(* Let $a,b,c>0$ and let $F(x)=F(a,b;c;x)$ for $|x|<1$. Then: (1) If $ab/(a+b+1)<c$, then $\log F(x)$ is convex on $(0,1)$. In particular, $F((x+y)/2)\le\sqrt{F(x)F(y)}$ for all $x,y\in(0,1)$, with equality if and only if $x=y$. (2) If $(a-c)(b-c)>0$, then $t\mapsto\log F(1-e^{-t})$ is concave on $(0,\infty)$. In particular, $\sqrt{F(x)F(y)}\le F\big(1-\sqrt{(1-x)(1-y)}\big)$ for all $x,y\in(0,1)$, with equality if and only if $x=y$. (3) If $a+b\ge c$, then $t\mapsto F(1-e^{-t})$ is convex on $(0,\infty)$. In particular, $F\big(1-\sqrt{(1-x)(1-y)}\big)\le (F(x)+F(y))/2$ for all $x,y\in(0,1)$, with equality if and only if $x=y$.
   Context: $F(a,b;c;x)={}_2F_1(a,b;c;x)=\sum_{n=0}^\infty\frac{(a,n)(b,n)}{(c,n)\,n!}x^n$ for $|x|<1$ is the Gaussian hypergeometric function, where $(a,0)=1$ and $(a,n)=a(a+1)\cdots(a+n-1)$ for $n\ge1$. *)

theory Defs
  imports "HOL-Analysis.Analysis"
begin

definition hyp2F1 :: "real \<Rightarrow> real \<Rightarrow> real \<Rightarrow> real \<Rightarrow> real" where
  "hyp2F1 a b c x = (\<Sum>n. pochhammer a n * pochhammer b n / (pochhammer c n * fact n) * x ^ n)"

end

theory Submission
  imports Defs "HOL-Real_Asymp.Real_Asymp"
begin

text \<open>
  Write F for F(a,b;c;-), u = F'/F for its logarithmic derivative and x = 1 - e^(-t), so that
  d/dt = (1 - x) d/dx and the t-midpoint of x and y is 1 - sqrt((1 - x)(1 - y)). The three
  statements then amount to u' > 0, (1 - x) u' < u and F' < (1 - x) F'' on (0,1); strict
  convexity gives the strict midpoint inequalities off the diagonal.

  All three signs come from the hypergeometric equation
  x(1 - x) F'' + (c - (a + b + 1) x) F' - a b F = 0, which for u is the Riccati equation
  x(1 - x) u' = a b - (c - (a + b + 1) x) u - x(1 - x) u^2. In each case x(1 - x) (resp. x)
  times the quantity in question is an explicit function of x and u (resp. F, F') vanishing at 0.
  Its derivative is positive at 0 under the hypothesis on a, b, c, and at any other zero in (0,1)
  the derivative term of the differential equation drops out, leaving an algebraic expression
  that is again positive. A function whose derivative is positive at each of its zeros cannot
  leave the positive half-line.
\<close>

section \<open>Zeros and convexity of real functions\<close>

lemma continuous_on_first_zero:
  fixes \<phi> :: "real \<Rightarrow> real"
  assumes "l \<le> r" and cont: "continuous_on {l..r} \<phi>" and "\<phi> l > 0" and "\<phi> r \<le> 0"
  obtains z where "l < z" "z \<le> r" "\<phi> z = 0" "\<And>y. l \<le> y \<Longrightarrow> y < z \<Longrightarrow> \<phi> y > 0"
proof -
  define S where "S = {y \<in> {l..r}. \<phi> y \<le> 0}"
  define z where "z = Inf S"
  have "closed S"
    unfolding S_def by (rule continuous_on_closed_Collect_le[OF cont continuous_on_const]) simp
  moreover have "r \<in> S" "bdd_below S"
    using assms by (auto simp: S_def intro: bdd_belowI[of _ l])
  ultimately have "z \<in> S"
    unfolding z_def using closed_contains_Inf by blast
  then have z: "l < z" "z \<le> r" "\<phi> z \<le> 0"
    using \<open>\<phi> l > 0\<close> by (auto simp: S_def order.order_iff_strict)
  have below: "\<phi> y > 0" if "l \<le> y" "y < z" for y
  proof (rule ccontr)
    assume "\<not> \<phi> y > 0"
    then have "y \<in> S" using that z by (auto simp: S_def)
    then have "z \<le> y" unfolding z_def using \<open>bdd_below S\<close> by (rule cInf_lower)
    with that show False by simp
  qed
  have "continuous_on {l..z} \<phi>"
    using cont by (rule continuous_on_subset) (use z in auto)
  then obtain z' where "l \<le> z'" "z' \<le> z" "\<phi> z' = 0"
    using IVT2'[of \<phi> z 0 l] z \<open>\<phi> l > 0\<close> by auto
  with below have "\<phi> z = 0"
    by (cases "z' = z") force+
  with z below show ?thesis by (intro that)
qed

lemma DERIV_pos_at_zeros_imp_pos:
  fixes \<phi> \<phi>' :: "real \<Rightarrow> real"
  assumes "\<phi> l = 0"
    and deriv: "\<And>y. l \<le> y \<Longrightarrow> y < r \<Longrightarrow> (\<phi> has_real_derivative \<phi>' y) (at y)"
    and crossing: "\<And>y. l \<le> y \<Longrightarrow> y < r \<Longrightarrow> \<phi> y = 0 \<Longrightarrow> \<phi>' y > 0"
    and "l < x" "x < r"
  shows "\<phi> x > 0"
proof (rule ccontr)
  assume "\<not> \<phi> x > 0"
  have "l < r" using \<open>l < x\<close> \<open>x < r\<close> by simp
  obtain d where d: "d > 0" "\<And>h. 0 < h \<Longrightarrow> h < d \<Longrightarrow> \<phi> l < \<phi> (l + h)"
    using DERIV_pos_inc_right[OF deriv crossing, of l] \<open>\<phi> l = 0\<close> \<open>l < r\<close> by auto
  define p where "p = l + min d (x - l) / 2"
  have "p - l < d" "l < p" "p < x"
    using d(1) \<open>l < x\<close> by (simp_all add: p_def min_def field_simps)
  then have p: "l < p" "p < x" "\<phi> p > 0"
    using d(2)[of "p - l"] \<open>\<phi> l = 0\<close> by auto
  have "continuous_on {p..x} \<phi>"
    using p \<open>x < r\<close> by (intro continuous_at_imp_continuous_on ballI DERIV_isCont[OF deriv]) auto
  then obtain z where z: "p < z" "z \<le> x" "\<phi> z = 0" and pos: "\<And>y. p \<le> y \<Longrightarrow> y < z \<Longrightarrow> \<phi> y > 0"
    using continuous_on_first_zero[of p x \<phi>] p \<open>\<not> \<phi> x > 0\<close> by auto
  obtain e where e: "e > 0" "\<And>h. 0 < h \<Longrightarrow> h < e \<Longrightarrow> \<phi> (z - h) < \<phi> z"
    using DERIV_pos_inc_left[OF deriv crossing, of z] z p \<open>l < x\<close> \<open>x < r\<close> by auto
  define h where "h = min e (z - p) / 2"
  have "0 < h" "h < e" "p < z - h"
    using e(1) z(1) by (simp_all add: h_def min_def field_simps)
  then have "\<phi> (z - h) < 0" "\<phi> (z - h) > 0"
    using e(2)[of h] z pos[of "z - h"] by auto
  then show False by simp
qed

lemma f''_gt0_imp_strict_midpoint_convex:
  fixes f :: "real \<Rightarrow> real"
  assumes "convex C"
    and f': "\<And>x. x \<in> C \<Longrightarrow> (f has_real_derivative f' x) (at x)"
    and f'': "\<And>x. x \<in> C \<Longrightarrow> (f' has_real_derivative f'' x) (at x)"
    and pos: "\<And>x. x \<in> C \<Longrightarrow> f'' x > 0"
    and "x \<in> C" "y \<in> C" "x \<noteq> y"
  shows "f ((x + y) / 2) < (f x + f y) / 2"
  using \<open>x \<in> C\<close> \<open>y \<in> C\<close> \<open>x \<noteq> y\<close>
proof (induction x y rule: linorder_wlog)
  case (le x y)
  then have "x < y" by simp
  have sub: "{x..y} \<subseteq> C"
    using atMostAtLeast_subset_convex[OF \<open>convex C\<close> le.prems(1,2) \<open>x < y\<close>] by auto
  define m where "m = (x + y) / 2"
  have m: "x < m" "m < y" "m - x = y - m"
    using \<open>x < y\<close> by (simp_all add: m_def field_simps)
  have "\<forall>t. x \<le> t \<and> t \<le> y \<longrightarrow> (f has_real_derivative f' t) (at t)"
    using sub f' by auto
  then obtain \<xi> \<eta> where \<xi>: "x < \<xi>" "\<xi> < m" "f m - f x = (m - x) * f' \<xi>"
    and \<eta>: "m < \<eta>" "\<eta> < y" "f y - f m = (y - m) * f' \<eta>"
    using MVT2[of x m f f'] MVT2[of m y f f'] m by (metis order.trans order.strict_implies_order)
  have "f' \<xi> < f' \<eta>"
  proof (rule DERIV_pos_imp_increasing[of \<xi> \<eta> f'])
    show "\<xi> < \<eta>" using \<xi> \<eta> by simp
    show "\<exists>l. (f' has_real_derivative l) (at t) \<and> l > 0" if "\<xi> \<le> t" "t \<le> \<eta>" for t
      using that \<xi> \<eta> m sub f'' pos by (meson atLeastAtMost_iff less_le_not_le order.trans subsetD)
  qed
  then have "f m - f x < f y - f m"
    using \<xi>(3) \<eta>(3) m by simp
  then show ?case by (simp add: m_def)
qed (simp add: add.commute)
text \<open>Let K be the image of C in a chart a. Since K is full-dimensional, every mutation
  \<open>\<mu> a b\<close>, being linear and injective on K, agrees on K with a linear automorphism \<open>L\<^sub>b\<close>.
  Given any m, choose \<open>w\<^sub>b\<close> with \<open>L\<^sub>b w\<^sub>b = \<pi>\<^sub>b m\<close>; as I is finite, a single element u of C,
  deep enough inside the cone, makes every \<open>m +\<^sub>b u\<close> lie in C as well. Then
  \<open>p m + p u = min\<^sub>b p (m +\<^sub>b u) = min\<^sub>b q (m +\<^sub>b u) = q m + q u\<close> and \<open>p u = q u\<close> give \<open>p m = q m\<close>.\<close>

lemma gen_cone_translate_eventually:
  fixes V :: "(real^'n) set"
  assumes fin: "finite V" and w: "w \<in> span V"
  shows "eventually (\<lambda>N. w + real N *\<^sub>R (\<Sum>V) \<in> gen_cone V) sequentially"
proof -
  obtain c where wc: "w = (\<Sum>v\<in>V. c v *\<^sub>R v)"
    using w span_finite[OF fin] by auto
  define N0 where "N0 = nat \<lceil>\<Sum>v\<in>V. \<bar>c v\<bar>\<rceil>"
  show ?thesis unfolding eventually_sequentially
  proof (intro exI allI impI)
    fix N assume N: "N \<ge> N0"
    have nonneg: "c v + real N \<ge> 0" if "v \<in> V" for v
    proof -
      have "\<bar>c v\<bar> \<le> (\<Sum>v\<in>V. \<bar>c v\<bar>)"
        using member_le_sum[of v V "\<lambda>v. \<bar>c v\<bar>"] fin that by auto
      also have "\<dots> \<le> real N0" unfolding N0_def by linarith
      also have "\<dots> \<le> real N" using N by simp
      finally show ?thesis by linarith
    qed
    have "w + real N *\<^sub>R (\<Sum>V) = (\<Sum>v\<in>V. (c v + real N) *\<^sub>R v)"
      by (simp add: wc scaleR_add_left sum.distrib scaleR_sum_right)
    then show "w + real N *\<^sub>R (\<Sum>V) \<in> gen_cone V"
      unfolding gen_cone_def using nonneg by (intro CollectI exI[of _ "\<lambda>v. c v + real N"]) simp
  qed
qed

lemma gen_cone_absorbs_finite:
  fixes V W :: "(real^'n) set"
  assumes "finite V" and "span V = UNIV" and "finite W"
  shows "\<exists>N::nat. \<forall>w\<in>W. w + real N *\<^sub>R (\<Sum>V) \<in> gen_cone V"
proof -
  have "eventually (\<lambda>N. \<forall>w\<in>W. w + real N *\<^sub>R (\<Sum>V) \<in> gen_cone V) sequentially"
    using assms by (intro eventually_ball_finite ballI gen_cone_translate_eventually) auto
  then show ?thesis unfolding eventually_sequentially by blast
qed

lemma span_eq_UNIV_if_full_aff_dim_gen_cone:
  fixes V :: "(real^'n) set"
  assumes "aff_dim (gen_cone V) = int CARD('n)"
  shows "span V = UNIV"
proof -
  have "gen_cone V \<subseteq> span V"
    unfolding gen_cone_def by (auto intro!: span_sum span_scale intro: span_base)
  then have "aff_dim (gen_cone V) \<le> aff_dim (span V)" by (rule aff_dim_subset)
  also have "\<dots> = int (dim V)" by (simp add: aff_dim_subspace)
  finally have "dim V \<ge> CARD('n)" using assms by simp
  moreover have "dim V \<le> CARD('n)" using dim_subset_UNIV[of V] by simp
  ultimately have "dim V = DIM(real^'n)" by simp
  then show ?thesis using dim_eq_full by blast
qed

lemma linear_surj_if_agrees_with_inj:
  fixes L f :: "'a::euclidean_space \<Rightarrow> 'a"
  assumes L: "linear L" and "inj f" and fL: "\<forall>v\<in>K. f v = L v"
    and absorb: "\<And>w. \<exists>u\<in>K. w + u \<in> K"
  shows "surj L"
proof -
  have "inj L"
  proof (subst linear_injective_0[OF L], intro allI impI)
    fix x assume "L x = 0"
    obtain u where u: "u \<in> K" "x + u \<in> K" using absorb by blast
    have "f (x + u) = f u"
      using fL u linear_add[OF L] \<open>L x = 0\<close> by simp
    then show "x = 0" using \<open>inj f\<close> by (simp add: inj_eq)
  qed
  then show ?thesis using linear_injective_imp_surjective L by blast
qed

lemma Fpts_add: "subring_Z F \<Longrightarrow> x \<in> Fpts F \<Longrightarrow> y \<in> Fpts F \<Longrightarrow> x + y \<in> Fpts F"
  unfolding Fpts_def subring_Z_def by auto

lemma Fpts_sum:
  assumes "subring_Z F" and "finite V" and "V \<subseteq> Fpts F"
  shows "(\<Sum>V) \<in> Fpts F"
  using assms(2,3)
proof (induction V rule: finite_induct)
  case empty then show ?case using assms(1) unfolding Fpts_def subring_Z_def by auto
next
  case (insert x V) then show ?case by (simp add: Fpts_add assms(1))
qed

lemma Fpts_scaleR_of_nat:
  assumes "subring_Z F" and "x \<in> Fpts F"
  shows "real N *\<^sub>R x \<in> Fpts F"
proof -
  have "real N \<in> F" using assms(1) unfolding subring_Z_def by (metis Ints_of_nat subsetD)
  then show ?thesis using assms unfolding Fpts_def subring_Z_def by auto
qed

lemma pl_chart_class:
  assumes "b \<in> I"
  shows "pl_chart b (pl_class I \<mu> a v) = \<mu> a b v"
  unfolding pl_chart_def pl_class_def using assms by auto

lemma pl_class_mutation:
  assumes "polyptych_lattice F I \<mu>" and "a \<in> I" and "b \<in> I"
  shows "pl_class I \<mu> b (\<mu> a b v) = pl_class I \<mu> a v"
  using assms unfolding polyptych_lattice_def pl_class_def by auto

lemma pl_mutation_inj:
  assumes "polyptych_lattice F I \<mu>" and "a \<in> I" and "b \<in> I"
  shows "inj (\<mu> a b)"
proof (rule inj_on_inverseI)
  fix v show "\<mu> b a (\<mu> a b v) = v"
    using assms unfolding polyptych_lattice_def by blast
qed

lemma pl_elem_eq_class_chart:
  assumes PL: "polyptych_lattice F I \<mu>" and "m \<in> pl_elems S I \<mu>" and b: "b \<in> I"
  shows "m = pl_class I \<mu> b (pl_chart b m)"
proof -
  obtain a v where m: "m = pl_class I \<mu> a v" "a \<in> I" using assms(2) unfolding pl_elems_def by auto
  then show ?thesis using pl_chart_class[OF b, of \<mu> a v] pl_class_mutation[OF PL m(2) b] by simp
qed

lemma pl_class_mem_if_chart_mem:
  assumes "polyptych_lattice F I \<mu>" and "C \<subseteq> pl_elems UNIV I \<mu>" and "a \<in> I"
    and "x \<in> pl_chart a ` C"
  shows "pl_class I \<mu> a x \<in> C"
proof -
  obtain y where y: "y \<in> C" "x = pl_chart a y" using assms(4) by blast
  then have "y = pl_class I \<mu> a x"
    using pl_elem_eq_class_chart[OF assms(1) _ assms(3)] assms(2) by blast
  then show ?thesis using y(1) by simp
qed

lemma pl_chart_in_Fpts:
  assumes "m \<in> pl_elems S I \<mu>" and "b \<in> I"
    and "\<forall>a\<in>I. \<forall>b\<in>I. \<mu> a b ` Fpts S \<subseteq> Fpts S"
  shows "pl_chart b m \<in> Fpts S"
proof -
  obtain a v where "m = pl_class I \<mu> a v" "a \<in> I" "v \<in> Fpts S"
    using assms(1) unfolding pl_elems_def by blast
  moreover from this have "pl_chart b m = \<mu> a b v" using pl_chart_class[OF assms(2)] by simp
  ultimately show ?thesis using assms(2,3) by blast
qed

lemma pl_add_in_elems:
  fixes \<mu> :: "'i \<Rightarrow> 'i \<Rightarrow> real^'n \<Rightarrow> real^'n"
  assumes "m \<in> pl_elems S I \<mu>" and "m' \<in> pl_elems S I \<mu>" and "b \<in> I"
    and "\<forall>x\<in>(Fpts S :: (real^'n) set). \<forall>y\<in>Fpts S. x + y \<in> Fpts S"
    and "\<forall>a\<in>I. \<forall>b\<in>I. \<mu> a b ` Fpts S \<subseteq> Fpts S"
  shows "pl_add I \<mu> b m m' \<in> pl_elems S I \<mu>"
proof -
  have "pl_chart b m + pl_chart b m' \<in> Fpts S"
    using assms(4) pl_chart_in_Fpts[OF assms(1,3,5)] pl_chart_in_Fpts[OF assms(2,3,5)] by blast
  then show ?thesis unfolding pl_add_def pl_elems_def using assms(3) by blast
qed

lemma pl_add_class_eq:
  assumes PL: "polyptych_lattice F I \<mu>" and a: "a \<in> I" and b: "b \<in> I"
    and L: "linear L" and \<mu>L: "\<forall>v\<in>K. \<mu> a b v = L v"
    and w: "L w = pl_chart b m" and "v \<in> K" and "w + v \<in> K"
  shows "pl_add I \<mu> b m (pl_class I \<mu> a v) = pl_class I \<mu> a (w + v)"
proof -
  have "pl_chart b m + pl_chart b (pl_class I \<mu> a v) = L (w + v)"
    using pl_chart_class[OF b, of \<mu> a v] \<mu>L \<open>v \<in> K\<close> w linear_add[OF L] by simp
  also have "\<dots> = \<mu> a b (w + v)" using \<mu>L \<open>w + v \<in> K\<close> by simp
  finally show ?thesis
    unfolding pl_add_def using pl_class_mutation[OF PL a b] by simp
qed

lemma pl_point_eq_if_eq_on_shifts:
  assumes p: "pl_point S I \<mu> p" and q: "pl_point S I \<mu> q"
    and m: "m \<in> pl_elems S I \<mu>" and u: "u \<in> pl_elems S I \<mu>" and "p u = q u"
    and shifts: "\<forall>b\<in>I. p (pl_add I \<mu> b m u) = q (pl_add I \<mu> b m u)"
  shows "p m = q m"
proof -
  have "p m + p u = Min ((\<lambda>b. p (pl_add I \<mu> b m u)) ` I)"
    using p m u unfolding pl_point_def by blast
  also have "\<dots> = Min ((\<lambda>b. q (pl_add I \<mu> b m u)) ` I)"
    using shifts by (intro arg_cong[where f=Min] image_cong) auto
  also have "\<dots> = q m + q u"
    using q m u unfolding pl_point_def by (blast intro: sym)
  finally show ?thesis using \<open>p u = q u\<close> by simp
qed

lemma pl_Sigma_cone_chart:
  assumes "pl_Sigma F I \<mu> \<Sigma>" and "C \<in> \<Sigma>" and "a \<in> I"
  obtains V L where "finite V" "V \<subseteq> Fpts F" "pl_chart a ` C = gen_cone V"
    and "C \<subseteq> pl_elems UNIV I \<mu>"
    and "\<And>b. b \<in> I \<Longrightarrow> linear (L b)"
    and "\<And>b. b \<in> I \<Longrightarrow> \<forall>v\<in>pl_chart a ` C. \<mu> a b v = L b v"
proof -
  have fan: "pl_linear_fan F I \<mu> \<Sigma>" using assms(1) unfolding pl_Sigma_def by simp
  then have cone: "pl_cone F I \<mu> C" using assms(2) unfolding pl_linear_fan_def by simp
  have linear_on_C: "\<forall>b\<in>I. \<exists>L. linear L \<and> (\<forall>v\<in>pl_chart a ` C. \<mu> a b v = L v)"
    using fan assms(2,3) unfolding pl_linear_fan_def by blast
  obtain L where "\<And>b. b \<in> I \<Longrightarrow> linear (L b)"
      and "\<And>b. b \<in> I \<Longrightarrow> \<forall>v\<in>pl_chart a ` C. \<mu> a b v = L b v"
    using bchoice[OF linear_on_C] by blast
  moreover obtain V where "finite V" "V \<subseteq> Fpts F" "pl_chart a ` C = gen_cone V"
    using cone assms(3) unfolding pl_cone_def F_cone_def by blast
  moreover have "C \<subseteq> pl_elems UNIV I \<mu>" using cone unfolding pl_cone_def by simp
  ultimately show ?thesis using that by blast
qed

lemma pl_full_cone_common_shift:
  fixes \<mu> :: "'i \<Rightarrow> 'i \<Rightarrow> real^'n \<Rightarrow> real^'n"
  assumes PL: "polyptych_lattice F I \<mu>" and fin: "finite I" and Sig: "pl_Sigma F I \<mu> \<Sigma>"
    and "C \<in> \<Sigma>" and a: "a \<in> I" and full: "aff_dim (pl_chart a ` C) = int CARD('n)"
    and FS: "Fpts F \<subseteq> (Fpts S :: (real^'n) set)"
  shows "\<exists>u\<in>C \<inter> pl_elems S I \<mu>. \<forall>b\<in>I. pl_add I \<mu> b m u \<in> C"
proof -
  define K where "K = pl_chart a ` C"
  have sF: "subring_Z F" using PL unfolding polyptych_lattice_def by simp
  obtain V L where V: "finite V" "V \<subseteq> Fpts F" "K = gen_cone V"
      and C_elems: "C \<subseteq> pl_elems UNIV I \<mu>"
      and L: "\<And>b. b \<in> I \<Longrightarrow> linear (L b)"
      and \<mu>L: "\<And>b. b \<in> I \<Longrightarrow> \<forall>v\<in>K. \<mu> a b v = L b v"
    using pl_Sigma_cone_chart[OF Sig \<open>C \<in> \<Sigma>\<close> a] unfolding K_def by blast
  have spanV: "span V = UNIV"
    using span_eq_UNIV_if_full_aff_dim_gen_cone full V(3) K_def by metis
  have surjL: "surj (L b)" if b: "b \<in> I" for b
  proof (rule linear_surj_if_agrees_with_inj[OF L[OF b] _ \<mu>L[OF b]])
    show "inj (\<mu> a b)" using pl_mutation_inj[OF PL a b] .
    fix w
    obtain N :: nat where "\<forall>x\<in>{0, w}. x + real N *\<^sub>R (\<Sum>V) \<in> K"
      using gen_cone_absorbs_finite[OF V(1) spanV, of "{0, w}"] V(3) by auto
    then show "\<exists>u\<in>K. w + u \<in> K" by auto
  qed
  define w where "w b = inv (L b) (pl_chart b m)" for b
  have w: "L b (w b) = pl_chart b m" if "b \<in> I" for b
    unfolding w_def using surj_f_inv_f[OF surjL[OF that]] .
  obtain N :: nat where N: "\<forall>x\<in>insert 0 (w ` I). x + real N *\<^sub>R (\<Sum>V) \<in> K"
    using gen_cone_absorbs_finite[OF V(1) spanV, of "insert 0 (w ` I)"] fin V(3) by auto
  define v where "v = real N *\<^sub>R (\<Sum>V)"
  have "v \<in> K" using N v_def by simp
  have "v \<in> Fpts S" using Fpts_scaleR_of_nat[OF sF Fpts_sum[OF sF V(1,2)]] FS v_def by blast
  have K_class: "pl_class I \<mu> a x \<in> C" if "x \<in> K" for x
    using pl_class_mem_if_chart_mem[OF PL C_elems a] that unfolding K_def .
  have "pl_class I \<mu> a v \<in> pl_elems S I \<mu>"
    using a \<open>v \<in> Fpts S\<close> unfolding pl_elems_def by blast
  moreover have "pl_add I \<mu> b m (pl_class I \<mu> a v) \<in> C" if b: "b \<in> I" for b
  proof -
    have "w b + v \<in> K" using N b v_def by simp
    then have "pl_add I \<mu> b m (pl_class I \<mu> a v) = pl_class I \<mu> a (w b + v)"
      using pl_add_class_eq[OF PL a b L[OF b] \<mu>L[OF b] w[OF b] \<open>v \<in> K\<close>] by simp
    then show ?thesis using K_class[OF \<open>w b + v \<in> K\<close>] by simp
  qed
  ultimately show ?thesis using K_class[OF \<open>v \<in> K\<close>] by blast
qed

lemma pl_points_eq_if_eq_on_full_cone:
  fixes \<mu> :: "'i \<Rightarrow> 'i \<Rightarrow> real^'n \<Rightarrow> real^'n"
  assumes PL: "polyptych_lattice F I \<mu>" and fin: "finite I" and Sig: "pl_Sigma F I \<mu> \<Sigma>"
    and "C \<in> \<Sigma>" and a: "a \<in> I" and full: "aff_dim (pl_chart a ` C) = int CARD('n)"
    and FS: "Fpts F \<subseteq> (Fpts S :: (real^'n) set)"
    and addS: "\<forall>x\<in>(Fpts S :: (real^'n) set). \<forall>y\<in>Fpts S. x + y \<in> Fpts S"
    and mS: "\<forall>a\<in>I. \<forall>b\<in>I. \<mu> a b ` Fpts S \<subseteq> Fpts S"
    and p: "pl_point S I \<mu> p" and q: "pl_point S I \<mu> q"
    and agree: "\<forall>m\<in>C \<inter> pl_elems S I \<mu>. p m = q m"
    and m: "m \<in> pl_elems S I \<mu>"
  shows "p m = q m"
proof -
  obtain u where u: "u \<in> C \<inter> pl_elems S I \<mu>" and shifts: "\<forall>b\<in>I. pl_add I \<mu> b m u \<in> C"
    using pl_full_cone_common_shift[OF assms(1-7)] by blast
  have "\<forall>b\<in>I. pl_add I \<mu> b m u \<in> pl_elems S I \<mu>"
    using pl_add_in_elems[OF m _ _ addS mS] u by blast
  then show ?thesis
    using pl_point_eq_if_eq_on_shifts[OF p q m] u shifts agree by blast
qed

▸ Try it:
Throughout the material, how many lines contain the string "subsetD"? Answer with the number alone.

▸ Completed exercise:
2